PUT my_index2 { "mappings": { "my_type2":{ "properties": { "message":{ "type": "text" }, "keywords":{ "type": "keyword" } } } } }

添加數據：

PUT /my_index2/my_type/1 { "message":"keywords test1", "keywords":["美女","動漫","電影"] } PUT /my_index2/my_type/2 { "message":"keywords test2", "keywords":["電影","美妝","廣告"] }

搜索：

{
  "query": { "term": { "keywords": "廣告" } } }

Note1：注意設置字段類型時，keywords設置為keyword，所以使用term查詢可以精確匹配，但設置為text，則不一定——如果有添加分詞器，則可以搜索到；如果沒有，而是使用默認的分詞器，只是將其分為一個一個的字，就不會被搜索到。這點尤其需要注意到。

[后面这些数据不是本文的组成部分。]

(* Let $N\in\mathbb{N}$. For a function $f:\mathbb{R}^N\to\mathbb{R}$, $V>0$ and $p\in(0,\infty)$ define $$\|f\|_{p,V}:=\sup\Big\{\Big(\frac{1}{|\Omega|}\int_{\Omega}|f(x)|^{p}\,dx\Big)^{1/p} : \Omega\subset\mathbb{R}^N \text{ open and convex},\ |\Omega|=V\Big\},$$ and let $L^p_V:=\{f\mid \|f\|_{p,V}<\infty\}$ modulo functions vanishing almost everywhere. Let $p\in[1,\infty)$, $V>0$ and $d\in\mathbb{N}$. Then $$\|f\|_{p,d\cdot V}\leq\|f\|_{p,V}\quad\text{for all } f\in L^p_V.$$
   Context: $|\Omega|$ denotes the $N$-dimensional Lebesgue measure; functions are measurable. *)

theory Defs
  imports "HOL-Analysis.Analysis"
begin

definition ennreal_root :: "real \<Rightarrow> ennreal \<Rightarrow> ennreal" where
  "ennreal_root p x = (if x = \<infinity> then \<infinity> else ennreal (enn2real x powr (1 / p)))"

definition mean_p :: "real \<Rightarrow> ('a::euclidean_space \<Rightarrow> real) \<Rightarrow> 'a set \<Rightarrow> ennreal" where
  "mean_p p f \<Omega> =
     ennreal_root p (ennreal (1 / measure lebesgue \<Omega>) *
                     (\<integral>\<^sup>+ x \<in> \<Omega>. ennreal (\<bar>f x\<bar> powr p) \<partial>lebesgue))"

definition norm_pV :: "real \<Rightarrow> real \<Rightarrow> ('a::euclidean_space \<Rightarrow> real) \<Rightarrow> ennreal" where
  "norm_pV p V f = (SUP \<Omega> \<in> {\<Omega>. open \<Omega> \<and> convex \<Omega> \<and> emeasure lebesgue \<Omega> = ennreal V}. mean_p p f \<Omega>)"

end

theory Submission
  imports Defs
begin

text \<open>
  Cutting an open convex set of measure \<open>d V\<close> by a hyperplane chosen by the intermediate value
  theorem splits it, up to a null set, into an open convex piece of measure \<open>V\<close> and one of
  measure \<open>(d - 1) V\<close>. By induction the integral of \<open>|f|\<^sup>p\<close> over the big set is a sum of \<open>d\<close>
  integrals over open convex sets of measure \<open>V\<close>, each at most \<open>V \<parallel>f\<parallel>\<^sub>p\<^sub>,\<^sub>V\<^sup>p\<close>; dividing by \<open>d V\<close>
  gives the claim.
\<close>

lemma powr_inverse_le_iff:
  fixes a m p :: real
  assumes "0 \<le> a" "0 \<le> m" "0 < p"
  shows "a powr (1 / p) \<le> m \<longleftrightarrow> a \<le> m powr p"
proof
  assume "a powr (1 / p) \<le> m"
  then have "(a powr (1 / p)) powr p \<le> m powr p" using assms by (intro powr_mono2) auto
  then show "a \<le> m powr p" using assms by (simp add: powr_powr)
next
  assume "a \<le> m powr p"
  then have "a powr (1 / p) \<le> (m powr p) powr (1 / p)" using assms by (intro powr_mono2) auto
  then show "a powr (1 / p) \<le> m" using assms by (simp add: powr_powr)
qed

lemma mean_p_le_iff:
  fixes f :: "'a::euclidean_space \<Rightarrow> real"
  assumes \<Omega>: "emeasure lebesgue \<Omega> = ennreal W" and "0 < W" "0 < p" "0 \<le> m"
  shows "mean_p p f \<Omega> \<le> ennreal m \<longleftrightarrow>
    (\<integral>\<^sup>+ x \<in> \<Omega>. ennreal (\<bar>f x\<bar> powr p) \<partial>lebesgue) \<le> ennreal (W * m powr p)"
proof -
  define I where "I = (\<integral>\<^sup>+ x \<in> \<Omega>. ennreal (\<bar>f x\<bar> powr p) \<partial>lebesgue)"
  have W: "measure lebesgue \<Omega> = W" using \<Omega> \<open>0 < W\<close> by (simp add: measure_def)
  show ?thesis
  proof (cases I)
    case (real i)
    have "ennreal (1 / W) * I = ennreal (i / W)"
      using real \<open>0 < W\<close> by (simp add: ennreal_mult[symmetric])
    then have "mean_p p f \<Omega> = ennreal ((i / W) powr (1 / p))"
      unfolding mean_p_def W I_def[symmetric] using real \<open>0 < W\<close> by (simp add: ennreal_root_def)
    also have "\<dots> \<le> ennreal m \<longleftrightarrow> i / W \<le> m powr p"
      using real assms by (simp add: powr_inverse_le_iff)
    also have "\<dots> \<longleftrightarrow> I \<le> ennreal (W * m powr p)"
      using real assms by (simp add: divide_simps mult.commute)
    finally show ?thesis unfolding I_def .
  next
    case top
    then have "mean_p p f \<Omega> = \<infinity>"
      using \<open>0 < W\<close> unfolding mean_p_def W I_def[symmetric]
      by (simp add: ennreal_root_def ennreal_mult_eq_top_iff)
    then show ?thesis using top unfolding I_def by (simp add: top_unique)
  qed
qed
lemma prod_bound_norm_deriv_le:
  fixes h :: "complex \<Rightarrow> complex"
  assumes hol: "h holomorphic_on ball 0 r0" "2 * R < r0"
    and bound: "\<And>x. x \<in> cball 0 (2 * R) \<Longrightarrow> norm (h x) \<le> M * (\<Prod>a\<in>P. norm (x - a))"
    and P: "2 \<le> card P" "P \<subseteq> ball 0 R" and "0 \<le> M" "20 * (M + 1) * R \<le> 1"
    and x: "x \<in> ball 0 R"
  shows "norm (deriv h x) \<le> 1/2"
proof -
  have "0 < R" using x norm_ge_zero[of x] by (simp del: norm_ge_zero)
  then have "0 \<le> M * R" "20 * (M * R) + 20 * R \<le> 1"
    using \<open>0 \<le> M\<close> \<open>20 * (M + 1) * R \<le> 1\<close> by (simp_all add: algebra_simps)
  then have "20 * M * R \<le> 1" "3 * R \<le> 1" using \<open>0 < R\<close> by linarith+
  have "cball x R \<subseteq> cball 0 (2 * R)"
  proof
    fix w assume "w \<in> cball x R"
    then have "norm (w - x) \<le> R" by (simp add: dist_norm norm_minus_commute)
    then show "w \<in> cball 0 (2 * R)" using x norm_triangle_ineq[of x "w - x"] by simp
  qed
  then have sub: "cball x R \<subseteq> ball 0 r0" using hol(2) by auto
  have "norm ((deriv ^^ 1) h x) \<le> fact 1 * (M * (3 * R) ^ card P) / R ^ 1"
  proof (rule Cauchy_inequality)
    show "h holomorphic_on ball x R"
      using holomorphic_on_subset[OF hol(1)] sub ball_subset_cball by blast
    show "continuous_on (cball x R) h"
      using holomorphic_on_imp_continuous_on[OF holomorphic_on_subset[OF hol(1) sub]] .
    fix w assume "norm (x - w) = R"
    then have "norm w \<le> 2 * R" using x norm_triangle_ineq[of "x - w" "-x"] by simp
    then have "(\<Prod>a\<in>P. norm (w - a)) \<le> (3 * R) ^ card P"
      using P(2) by (intro prod_norm_diff_le_power) auto
    then have "M * (\<Prod>a\<in>P. norm (w - a)) \<le> M * (3 * R) ^ card P"
      using \<open>0 \<le> M\<close> by (rule mult_left_mono)
    moreover have "norm (h w) \<le> M * (\<Prod>a\<in>P. norm (w - a))"
      using \<open>norm w \<le> 2 * R\<close> by (intro bound) simp
    ultimately show "norm (h w) \<le> M * (3 * R) ^ card P" by linarith
  qed fact
  also have "\<dots> = 3 * M * (3 * R) ^ (card P - 1)"
    using \<open>0 < R\<close> P(1) by (simp add: power_eq_if)
  also have "\<dots> \<le> 3 * M * (3 * R)"
    using power_decreasing[of 1 "card P - 1" "3 * R"] P(1) \<open>0 < R\<close> \<open>3 * R \<le> 1\<close> \<open>0 \<le> M\<close>
    by (intro mult_left_mono) auto
  also have "\<dots> \<le> 1/2" using \<open>20 * M * R \<le> 1\<close> by simp
  finally show ?thesis by simp
qed

lemma holomorphic_lipschitz_on_convex:
  fixes h :: "complex \<Rightarrow> complex"
  assumes "h holomorphic_on S" "open S" "convex S" "\<And>z. z \<in> S \<Longrightarrow> norm (deriv h z) \<le> B" "0 \<le> B"
  shows "B-lipschitz_on S h"
proof (rule lipschitz_onI)
  fix x y assume "x \<in> S" "y \<in> S"
  then have "norm (h x - h y) \<le> B * norm (x - y)"
    using assms holomorphic_derivI by (intro field_differentiable_bound[of S h "deriv h"]) auto
  then show "dist (h x) (h y) \<le> B * dist x y" by (simp add: dist_norm)
qed fact

lemma near_identity_inj_on:
  fixes F :: "'a::real_normed_vector \<Rightarrow> 'a"
  assumes "(1/2)-lipschitz_on S (\<lambda>x. F x - x)"
  shows "inj_on F S"
proof (rule inj_onI)
  fix x y assume "x \<in> S" "y \<in> S" "F x = F y"
  then have "dist x y \<le> 1/2 * dist x y"
    using lipschitz_onD[OF assms, of x y] by (simp add: dist_norm norm_minus_commute algebra_simps)
  then show "x = y" by simp
qed

lemma near_identity_ball_subset_image:
  fixes F :: "'a::banach \<Rightarrow> 'a"
  assumes "0 < R" "F 0 = 0" and lip: "(1/2)-lipschitz_on (ball 0 R) (\<lambda>x. F x - x)"
  shows "ball 0 (R / 4) \<subseteq> F ` ball 0 R"
proof
  fix u :: 'a assume u: "u \<in> ball 0 (R / 4)"
  define S where "S = cball (0::'a) (R / 2)"
  have SR: "S \<subseteq> ball 0 R" unfolding S_def using \<open>0 < R\<close> by auto
  have lipD: "dist (F x - x) (F y - y) \<le> 1/2 * dist x y" if "x \<in> S" "y \<in> S" for x y
    using lipschitz_onD[OF lip] that SR by blast
  \<comment> \<open>a solution of F x = u is a fixed point of the contraction x \<mapsto> u - (F x - x)\<close>
  have "\<exists>!x\<in>S. u - (F x - x) = x"
  proof (rule Banach_fix[of S "1/2"])
    show "complete S" unfolding S_def by (simp add: complete_eq_closed)
    show "S \<noteq> {}" unfolding S_def using \<open>0 < R\<close> by auto
    show "(\<lambda>x. u - (F x - x)) ` S \<subseteq> S"
    proof clarify
      fix x assume x: "x \<in> S"
      have "0 \<in> S" unfolding S_def using \<open>0 < R\<close> by simp
      then have "norm (F x - x) \<le> norm x / 2" using lipD[OF x \<open>0 \<in> S\<close>] \<open>F 0 = 0\<close> by (simp add: dist_norm)
      moreover have "norm x \<le> R / 2" "norm u < R / 4" using x u S_def by auto
      ultimately show "u - (F x - x) \<in> S"
        using norm_triangle_ineq4[of u "F x - x"] S_def by simp
    qed
    show "dist (u - (F x - x)) (u - (F y - y)) \<le> 1 / 2 * dist x y" if "x \<in> S" "y \<in> S" for x y
    proof -
      have "dist (u - (F x - x)) (u - (F y - y)) = dist (F x - x) (F y - y)"
        by (simp add: dist_norm norm_minus_commute algebra_simps)
      with lipD[OF that] show ?thesis by simp
    qed
  qed auto
  then obtain x where "x \<in> S" "u - (F x - x) = x" by blast
  then show "u \<in> F ` ball 0 R" using SR by (intro image_eqI[of _ _ x]) (auto simp: algebra_simps)
qed

lemma near_identity_local_inverse:
  fixes F :: "'a::banach \<Rightarrow> 'a"
  assumes "0 < R" "F 0 = 0" and lip: "(1/2)-lipschitz_on (ball 0 R) (\<lambda>x. F x - x)"
    and "r \<le> R / 4"
  obtains G where "continuous_on (ball 0 r) G"
    "\<And>u. u \<in> ball 0 r \<Longrightarrow> G u \<in> ball 0 R" "\<And>u. u \<in> ball 0 r \<Longrightarrow> F (G u) = u"
proof
  define G where "G = inv_into (ball 0 R) F"
  have img: "ball 0 r \<subseteq> F ` ball 0 R"
    using near_identity_ball_subset_image[OF assms(1-3)] \<open>r \<le> R / 4\<close> by auto
  show G: "G u \<in> ball 0 R" "F (G u) = u" if "u \<in> ball 0 r" for u
    using subsetD[OF img that] unfolding G_def by (metis inv_into_into, metis f_inv_into_f)
  have "2-lipschitz_on (ball 0 r) G"
  proof (rule lipschitz_onI)
    fix u v :: 'a assume uv: "u \<in> ball 0 r" "v \<in> ball 0 r"
    have "G u - G v = (u - v) - ((F (G u) - G u) - (F (G v) - G v))"
      using G uv by simp
    then have "norm (G u - G v) \<le> norm (u - v) + norm ((F (G u) - G u) - (F (G v) - G v))"
      by (metis norm_triangle_ineq4)
    also have "\<dots> \<le> norm (u - v) + norm (G u - G v) / 2"
      using lipschitz_onD[OF lip G(1)[OF uv(1)] G(1)[OF uv(2)]] G uv by (simp add: dist_norm)
    finally show "dist (G u) (G v) \<le> 2 * dist u v" by (simp add: dist_norm)
  qed simp
  then show "continuous_on (ball 0 r) G" by (rule lipschitz_on_continuous_on)
qed
(* Suppose condition (iv) of the context holds. Set $\theta_*:=d(2\alpha\beta-1)-2\beta$; let $\theta>\min\{\theta_*,s-2\beta\}$ if $\theta_*\ge0$, and $\theta=0$ otherwise. Then there exists $C>0$, independent of $h$, such that \[ \|(L^{-\beta}-L_h^{-\beta}\Pi_h)g\|_H\le C h^{\min\{d(2\alpha\beta-1),s\}}\|g\|_\theta \] for all $g\in\dot H^\theta$ and all sufficiently small $h\in(0,h_0)$.
   Context: $H$ is a separable real Hilbert space; $L\colon\mathscr{D}(L)\subset H\to H$ densely defined, self-adjoint, positive definite with compact inverse, $H$-orthonormal eigenvectors $\{e_j\}$, nondecreasing eigenvalues $\{\lambda_j\}$ with $c_\lambda j^\alpha\le\lambda_j\le C_\lambda j^\alpha$ ($\alpha,c_\lambda,C_\lambda>0$); $(S(t))_{t\ge0}$ the semigroup generated by $-L$. $\beta\in(0,1)$ and $2\alpha\beta>1$; $d\in\mathbb{N}$ is fixed (the exponent with $\dim V_h\propto h^{-d}$). For $\sigma\ge0$, $\dot H^\sigma:=\mathscr{D}(L^{\sigma/2})$ with $\|\psi\|_\sigma^2=\sum_j\lambda_j^\sigma(\psi,e_j)_H^2$. $(V_h)_{h\in(0,1)}$ are finite-dimensional subspaces of $\dot H^1$, $\Pi_h$ the $H$-orthogonal projection onto $V_h$, $L_h\colon V_h\to V_h$ given by $(L_h\psi_h,\phi_h)_H=\langle L\psi_h,\phi_h\rangle$, $(S_h(t))$ the semigroup on $V_h$ generated by $-L_h$. Condition (iv): there are $h_0\in(0,1)$ and $s>2\beta$ such that for $0\le\theta\le\sigma\le s$ there is $C_3>0$ with $\|(S(t)-S_h(t)\Pi_h)g\|_H\le C_3h^\sigma t^{(\theta-\sigma)/2}\|g\|_\theta$ for all $t>0$, $g\in\dot H^\theta$, $h\in(0,h_0)$. *)

theory Defs
  imports "HOL-Analysis.Analysis"
begin

text \<open>Spectral model: the operator L is given by its H-orthonormal eigenbasis e
  (indexed from 0, so e j is the paper's e_(j+1)) and eigenvalues lam.\<close>

definition hdot_mem :: "(nat \<Rightarrow> real) \<Rightarrow> (nat \<Rightarrow> 'a::real_inner) \<Rightarrow> real \<Rightarrow> 'a \<Rightarrow> bool" where
  "hdot_mem lam e \<sigma> x \<longleftrightarrow> summable (\<lambda>j. lam j powr \<sigma> * (x \<bullet> e j)\<^sup>2)"

definition hdot_norm :: "(nat \<Rightarrow> real) \<Rightarrow> (nat \<Rightarrow> 'a::real_inner) \<Rightarrow> real \<Rightarrow> 'a \<Rightarrow> real" where
  "hdot_norm lam e \<sigma> x = sqrt (\<Sum>j. lam j powr \<sigma> * (x \<bullet> e j)\<^sup>2)"

definition L_pow :: "(nat \<Rightarrow> real) \<Rightarrow> (nat \<Rightarrow> 'a::{real_inner,complete_space}) \<Rightarrow> real \<Rightarrow> 'a \<Rightarrow> 'a" where
  "L_pow lam e r x = (\<Sum>j. (lam j powr r * (x \<bullet> e j)) *\<^sub>R e j)"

Note2：對於數組字段，也是可以做桶聚合的，做桶聚合的時候，其每一個值都會作為一個值去進行分組，而不是整個數組進行分組，可以使用上面的進行測試，不過需要注意的是，其字段類型不能為text，否則聚合會失敗。

Note3：所以根據上面的提示，一般純數組比較適合存放標簽類的數據，就像上面的案例一樣，同時字段類型設置為keyword，而不是text，搜索時進行精確匹配就好了。

1.7 滾動查詢scroll

如果一次性要查出來比如10萬條數據，那么性能會很差，此時一般會采取用scoll滾動查詢，一批一批的查，直到所有數據都查詢完處理完（es返回的scrollId，可以理解為是es進行此次查詢的操作句柄標識，每發送一次該scrollId，es都會操作一次，或者說循環一次，直到時間窗口到期）。

使用scoll滾動搜索，可以先搜索一批數據，然后下次再搜索一批數據，以此類推，直到搜索出全部的數據來，scoll搜索會在第一次搜索的時候，保存一個當時的視圖快照，之后只會基於該舊的視圖快照提供數據搜索，如果這個期間數據變更，是不會讓用戶看到的，每次發送scroll請求，我們還需要指定一個scoll參數，指定一個時間窗口，每次搜索請求只要在這個時間窗口內能完成就可以了（也就是說，該scrollId只在這個時間窗口內有效，視圖快照也是）。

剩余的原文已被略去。